» **Task details**: For each line of the data below, copy it if it holds the word "metis".

» **Data provided**:
BEGIN
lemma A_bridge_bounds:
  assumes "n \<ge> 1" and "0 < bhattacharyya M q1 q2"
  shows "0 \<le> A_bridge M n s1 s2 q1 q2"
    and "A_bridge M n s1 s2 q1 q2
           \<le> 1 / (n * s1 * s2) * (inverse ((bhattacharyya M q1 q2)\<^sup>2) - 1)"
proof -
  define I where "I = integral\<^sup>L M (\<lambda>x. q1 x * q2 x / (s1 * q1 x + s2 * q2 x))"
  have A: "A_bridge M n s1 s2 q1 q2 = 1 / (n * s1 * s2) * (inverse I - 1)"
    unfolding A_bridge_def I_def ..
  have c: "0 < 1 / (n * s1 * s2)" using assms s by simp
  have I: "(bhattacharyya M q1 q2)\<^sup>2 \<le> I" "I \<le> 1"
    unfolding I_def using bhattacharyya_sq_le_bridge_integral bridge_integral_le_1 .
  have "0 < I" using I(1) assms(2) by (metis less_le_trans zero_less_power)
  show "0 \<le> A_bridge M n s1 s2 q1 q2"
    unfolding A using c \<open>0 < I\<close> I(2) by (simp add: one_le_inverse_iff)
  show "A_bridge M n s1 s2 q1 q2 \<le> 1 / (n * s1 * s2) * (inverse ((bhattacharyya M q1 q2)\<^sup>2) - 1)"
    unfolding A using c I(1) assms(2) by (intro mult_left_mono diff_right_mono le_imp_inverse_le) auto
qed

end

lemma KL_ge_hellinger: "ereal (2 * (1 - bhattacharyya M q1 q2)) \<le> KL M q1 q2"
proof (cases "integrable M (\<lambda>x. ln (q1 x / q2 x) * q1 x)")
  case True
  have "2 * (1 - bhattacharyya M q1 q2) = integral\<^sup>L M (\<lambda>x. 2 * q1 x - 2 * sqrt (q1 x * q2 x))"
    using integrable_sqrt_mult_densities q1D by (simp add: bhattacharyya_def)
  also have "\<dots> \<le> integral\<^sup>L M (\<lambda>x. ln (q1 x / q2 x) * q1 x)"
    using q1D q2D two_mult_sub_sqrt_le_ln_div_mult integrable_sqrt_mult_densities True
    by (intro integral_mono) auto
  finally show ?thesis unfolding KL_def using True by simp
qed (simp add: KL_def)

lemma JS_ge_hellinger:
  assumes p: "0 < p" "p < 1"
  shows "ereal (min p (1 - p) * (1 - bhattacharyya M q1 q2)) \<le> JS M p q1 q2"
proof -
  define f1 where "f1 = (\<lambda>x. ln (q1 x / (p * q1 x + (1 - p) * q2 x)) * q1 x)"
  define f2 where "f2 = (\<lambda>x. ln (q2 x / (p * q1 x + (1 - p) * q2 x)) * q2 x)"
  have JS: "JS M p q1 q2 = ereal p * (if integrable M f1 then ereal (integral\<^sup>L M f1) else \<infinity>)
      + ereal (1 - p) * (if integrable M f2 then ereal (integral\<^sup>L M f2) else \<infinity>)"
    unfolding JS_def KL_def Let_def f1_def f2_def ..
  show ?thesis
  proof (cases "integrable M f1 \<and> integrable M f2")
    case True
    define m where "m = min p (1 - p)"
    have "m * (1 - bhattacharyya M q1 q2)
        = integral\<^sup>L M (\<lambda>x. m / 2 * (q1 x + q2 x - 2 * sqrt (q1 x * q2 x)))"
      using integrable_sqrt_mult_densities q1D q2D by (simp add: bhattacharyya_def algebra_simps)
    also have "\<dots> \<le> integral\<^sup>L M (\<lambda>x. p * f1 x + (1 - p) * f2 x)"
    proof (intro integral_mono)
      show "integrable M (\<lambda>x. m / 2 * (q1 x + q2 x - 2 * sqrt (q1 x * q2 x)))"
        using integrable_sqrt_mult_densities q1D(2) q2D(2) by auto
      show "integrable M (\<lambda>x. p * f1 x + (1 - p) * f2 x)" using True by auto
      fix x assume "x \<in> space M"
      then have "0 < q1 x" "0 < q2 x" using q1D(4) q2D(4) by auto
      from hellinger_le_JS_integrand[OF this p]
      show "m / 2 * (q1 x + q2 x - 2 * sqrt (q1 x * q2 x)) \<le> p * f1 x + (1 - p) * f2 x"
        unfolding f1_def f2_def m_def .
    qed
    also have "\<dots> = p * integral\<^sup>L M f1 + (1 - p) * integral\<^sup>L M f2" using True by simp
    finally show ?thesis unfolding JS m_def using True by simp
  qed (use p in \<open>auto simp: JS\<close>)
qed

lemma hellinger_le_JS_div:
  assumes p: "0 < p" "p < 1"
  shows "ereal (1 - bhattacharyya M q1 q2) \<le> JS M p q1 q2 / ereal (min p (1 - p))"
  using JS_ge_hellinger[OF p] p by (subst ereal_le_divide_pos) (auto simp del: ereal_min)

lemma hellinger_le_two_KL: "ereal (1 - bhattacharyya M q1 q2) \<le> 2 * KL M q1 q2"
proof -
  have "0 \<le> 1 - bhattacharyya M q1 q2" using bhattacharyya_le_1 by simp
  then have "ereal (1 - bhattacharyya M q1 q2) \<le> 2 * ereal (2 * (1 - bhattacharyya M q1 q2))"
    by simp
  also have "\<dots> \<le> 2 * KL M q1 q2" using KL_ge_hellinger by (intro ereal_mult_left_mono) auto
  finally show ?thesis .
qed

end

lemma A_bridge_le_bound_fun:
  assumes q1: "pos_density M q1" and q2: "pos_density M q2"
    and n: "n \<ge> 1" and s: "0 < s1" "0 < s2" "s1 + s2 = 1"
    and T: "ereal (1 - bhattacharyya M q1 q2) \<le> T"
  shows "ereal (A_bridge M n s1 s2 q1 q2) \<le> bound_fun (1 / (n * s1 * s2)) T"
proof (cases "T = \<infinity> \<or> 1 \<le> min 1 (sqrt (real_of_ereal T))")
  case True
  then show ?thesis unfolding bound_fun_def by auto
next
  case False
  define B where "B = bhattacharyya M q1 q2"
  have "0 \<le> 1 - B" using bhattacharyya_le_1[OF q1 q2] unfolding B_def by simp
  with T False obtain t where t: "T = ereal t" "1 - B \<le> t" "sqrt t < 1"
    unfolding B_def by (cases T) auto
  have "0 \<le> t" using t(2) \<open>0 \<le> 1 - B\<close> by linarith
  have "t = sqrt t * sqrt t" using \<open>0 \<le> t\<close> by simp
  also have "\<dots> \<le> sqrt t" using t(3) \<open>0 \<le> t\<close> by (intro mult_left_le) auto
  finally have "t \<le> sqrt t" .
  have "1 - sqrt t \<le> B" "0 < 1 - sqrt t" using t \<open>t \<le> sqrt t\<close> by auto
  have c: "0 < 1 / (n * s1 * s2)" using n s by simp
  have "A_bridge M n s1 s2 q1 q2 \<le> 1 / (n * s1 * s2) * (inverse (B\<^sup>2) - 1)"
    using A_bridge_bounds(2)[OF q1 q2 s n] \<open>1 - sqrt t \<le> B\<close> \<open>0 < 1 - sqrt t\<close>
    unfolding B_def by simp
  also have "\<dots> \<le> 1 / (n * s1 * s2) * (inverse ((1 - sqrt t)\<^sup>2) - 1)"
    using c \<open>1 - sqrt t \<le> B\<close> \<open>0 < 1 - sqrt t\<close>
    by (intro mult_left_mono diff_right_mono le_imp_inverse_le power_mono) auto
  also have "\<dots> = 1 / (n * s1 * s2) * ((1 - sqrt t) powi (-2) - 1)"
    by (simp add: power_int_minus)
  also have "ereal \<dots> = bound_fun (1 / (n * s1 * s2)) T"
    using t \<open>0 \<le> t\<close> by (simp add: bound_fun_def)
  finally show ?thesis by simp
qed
END
BEGIN
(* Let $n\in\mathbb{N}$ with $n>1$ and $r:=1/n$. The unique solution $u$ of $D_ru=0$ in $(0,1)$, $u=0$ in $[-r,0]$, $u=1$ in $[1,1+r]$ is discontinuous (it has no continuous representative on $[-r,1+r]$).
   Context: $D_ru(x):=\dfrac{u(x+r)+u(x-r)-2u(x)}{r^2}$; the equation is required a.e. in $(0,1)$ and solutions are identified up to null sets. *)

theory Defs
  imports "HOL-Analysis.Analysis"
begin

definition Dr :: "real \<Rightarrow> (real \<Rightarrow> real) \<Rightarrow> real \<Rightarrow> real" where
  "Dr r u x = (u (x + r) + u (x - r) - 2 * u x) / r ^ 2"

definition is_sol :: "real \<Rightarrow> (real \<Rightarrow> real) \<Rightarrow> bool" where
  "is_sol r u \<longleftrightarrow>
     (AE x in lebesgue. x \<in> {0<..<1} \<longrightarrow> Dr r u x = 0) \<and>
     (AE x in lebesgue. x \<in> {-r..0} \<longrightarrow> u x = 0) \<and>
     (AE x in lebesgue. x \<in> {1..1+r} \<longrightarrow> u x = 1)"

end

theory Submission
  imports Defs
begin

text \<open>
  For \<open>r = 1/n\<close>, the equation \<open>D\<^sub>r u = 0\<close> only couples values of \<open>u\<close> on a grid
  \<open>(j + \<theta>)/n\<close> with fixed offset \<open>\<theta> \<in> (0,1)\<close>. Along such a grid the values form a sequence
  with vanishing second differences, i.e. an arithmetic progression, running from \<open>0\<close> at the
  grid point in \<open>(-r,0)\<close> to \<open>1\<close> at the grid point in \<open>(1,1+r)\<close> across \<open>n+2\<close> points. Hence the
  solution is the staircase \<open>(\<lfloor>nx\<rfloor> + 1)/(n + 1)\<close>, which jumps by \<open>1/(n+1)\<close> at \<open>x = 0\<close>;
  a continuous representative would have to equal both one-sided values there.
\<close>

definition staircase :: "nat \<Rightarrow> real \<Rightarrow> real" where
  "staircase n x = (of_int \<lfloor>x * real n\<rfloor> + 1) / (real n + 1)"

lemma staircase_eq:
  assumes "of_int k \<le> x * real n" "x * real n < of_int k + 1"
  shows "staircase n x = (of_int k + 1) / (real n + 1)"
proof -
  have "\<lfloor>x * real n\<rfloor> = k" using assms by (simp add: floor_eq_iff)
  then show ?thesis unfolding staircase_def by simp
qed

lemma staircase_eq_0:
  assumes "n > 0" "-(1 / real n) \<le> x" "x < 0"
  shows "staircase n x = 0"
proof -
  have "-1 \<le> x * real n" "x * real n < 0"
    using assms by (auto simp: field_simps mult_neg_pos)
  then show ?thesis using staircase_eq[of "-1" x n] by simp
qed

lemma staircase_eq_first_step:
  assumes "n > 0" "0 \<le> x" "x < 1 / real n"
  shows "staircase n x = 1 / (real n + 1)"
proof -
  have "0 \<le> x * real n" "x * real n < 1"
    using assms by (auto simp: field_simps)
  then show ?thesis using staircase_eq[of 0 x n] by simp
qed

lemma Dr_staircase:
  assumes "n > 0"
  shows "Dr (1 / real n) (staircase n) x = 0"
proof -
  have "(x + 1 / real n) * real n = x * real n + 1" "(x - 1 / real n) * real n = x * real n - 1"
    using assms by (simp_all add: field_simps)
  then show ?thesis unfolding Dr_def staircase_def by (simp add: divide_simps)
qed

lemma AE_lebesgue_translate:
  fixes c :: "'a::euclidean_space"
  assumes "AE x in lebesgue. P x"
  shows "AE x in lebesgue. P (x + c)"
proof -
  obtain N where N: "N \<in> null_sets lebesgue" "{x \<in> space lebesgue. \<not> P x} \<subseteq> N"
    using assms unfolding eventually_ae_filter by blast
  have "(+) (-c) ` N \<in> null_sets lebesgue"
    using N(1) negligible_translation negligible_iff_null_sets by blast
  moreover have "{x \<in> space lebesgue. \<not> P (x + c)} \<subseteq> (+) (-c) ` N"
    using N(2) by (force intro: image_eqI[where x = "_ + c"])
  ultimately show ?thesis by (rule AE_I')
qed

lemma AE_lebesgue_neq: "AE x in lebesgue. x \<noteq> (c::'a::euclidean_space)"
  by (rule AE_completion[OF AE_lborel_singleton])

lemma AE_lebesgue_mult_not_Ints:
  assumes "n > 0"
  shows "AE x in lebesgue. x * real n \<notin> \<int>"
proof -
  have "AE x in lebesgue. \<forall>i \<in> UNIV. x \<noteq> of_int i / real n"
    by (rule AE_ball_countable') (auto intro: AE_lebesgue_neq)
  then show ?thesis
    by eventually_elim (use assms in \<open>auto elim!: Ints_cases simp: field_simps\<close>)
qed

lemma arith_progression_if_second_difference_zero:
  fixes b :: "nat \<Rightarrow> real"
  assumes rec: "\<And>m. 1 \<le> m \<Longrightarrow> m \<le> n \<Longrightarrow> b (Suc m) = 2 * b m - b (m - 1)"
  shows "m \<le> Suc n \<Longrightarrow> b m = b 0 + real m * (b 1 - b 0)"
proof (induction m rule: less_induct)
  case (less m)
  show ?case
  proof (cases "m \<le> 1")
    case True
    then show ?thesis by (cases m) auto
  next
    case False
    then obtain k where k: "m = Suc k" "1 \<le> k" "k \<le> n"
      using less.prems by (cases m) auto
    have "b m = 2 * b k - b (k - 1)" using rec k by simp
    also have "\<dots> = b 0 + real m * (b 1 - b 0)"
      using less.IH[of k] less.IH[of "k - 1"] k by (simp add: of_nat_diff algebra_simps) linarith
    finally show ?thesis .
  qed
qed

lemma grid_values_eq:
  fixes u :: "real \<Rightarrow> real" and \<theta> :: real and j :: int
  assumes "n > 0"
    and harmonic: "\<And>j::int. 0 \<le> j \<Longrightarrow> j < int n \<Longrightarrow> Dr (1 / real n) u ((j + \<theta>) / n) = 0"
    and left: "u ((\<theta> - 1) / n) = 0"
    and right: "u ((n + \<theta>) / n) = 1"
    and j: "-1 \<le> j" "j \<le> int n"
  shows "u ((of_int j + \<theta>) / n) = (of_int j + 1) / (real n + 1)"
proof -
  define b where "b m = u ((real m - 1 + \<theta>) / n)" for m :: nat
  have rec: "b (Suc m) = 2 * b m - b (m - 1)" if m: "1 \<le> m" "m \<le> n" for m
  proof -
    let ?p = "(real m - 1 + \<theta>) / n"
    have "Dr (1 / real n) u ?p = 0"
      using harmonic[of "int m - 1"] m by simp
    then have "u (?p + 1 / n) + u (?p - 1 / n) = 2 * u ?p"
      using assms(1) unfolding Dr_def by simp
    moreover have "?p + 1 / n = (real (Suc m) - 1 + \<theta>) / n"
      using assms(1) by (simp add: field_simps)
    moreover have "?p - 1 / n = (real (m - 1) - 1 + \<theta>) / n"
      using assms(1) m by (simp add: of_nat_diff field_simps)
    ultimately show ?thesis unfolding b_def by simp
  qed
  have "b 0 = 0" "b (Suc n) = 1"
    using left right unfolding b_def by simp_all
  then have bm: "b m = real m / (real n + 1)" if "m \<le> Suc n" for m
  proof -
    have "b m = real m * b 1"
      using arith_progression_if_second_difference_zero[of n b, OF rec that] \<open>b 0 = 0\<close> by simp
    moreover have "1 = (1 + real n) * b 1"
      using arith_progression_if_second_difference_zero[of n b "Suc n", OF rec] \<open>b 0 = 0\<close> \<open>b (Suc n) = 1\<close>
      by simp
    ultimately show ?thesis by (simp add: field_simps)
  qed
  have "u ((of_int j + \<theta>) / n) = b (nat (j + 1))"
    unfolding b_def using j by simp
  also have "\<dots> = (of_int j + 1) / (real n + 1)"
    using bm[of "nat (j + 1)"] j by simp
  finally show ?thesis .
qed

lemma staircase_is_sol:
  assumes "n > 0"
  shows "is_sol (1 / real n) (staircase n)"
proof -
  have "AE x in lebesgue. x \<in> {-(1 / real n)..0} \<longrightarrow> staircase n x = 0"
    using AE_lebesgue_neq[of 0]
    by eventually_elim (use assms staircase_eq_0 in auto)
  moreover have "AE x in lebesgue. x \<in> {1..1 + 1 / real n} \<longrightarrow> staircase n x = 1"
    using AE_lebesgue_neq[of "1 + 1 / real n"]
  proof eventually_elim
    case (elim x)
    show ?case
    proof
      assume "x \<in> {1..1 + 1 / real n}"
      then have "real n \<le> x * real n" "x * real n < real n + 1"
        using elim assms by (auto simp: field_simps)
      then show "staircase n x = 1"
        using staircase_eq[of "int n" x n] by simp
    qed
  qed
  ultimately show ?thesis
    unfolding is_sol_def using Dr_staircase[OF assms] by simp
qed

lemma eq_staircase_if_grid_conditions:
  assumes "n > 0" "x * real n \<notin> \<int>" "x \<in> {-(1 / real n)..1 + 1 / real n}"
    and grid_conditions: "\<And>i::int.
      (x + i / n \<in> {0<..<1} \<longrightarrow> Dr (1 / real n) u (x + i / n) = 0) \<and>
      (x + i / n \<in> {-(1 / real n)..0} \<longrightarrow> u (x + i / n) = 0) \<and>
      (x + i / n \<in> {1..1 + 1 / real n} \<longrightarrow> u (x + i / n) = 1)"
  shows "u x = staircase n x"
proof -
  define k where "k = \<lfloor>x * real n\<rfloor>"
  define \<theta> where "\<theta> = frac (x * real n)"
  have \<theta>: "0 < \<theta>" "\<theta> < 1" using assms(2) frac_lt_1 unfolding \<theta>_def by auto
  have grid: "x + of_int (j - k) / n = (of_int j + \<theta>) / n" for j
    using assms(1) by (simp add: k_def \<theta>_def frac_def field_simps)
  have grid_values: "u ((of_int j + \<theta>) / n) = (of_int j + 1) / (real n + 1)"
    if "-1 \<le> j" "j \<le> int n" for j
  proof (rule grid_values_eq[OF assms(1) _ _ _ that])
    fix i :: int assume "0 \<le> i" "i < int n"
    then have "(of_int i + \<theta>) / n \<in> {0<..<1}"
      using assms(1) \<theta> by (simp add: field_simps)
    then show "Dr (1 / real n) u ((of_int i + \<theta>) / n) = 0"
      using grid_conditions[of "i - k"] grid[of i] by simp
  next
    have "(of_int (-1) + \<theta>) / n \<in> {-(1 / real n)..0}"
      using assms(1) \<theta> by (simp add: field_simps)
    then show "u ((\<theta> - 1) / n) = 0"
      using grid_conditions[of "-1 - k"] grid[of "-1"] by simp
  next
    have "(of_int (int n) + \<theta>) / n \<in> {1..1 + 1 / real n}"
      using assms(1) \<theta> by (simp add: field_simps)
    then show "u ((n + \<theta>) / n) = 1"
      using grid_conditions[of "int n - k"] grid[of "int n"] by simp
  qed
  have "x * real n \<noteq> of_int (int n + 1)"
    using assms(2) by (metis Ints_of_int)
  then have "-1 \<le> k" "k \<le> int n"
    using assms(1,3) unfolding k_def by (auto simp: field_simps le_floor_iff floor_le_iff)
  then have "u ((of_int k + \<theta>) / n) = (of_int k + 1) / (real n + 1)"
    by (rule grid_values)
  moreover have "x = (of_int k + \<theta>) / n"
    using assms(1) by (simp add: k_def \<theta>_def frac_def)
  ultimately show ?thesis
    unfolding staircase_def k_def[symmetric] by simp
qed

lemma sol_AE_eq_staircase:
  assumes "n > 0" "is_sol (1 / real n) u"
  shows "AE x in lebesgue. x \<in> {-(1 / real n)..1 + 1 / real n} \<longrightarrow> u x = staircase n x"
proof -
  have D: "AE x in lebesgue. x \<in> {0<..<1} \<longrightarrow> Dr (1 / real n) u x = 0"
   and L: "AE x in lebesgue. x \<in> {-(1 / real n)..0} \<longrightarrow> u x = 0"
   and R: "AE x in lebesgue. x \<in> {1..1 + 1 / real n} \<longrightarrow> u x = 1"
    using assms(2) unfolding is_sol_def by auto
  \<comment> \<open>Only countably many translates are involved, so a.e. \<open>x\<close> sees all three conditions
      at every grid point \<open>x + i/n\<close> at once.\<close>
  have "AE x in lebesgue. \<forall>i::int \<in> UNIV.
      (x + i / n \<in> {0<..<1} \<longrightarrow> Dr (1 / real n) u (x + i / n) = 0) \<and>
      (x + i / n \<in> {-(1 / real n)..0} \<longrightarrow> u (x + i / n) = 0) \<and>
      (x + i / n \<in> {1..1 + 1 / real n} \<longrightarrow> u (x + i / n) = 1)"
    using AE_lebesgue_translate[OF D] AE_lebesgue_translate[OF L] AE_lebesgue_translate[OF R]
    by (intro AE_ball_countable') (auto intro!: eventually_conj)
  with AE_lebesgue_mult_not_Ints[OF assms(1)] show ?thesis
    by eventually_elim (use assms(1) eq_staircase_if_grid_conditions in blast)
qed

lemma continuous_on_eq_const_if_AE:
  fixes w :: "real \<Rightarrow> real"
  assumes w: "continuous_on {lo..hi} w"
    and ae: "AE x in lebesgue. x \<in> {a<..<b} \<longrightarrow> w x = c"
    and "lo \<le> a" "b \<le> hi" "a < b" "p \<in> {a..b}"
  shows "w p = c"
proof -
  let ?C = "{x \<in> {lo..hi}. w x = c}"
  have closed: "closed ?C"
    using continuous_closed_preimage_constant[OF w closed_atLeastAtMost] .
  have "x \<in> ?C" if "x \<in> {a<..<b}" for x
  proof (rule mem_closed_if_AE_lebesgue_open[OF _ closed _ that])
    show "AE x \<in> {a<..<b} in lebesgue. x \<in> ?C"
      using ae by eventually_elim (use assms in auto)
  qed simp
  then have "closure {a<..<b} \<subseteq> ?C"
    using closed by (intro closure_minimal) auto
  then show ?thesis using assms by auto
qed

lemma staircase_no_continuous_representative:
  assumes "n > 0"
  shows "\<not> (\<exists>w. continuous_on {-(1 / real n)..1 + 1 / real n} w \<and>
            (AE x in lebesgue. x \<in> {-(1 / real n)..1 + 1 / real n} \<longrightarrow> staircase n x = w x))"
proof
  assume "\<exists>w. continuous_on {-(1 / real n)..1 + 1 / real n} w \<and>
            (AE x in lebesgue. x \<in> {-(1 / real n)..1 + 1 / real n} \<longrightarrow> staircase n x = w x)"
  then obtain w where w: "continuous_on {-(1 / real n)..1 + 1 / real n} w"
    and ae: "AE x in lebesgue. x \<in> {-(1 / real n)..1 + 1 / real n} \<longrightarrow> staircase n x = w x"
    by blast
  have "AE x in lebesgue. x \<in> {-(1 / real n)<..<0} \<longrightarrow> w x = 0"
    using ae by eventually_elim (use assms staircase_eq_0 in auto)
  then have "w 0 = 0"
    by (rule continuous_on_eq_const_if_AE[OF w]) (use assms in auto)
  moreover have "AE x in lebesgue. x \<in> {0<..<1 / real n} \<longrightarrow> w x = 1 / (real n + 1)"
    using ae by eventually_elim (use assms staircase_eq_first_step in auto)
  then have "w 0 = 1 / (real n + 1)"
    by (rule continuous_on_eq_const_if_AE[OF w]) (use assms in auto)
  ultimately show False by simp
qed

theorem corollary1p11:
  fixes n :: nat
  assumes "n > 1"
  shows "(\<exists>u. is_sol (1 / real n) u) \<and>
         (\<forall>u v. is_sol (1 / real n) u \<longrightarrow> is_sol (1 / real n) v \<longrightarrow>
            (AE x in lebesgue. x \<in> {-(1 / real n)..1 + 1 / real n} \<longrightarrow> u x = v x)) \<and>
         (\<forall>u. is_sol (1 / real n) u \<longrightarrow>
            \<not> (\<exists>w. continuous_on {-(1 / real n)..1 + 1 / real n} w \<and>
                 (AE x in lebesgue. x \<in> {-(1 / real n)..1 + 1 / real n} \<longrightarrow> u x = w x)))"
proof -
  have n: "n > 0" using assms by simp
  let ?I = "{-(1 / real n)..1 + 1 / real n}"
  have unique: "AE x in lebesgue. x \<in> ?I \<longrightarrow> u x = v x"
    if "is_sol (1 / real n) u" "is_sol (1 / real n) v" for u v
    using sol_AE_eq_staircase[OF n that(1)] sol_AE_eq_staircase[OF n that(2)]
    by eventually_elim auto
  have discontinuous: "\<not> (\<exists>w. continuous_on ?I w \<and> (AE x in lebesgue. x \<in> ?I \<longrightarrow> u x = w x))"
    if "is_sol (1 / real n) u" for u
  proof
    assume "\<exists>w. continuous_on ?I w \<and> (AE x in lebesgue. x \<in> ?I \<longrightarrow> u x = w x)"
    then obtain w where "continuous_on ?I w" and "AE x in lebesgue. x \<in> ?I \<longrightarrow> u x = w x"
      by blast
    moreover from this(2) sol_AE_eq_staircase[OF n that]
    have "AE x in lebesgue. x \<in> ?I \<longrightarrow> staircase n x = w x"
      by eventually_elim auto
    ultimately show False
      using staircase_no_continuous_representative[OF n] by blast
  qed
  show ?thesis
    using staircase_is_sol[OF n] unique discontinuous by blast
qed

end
END
» **Exercise answer**:
  have "0 < I" using I(1) assms(2) by (metis less_le_trans zero_less_power)
    using assms(2) by (metis Ints_of_int)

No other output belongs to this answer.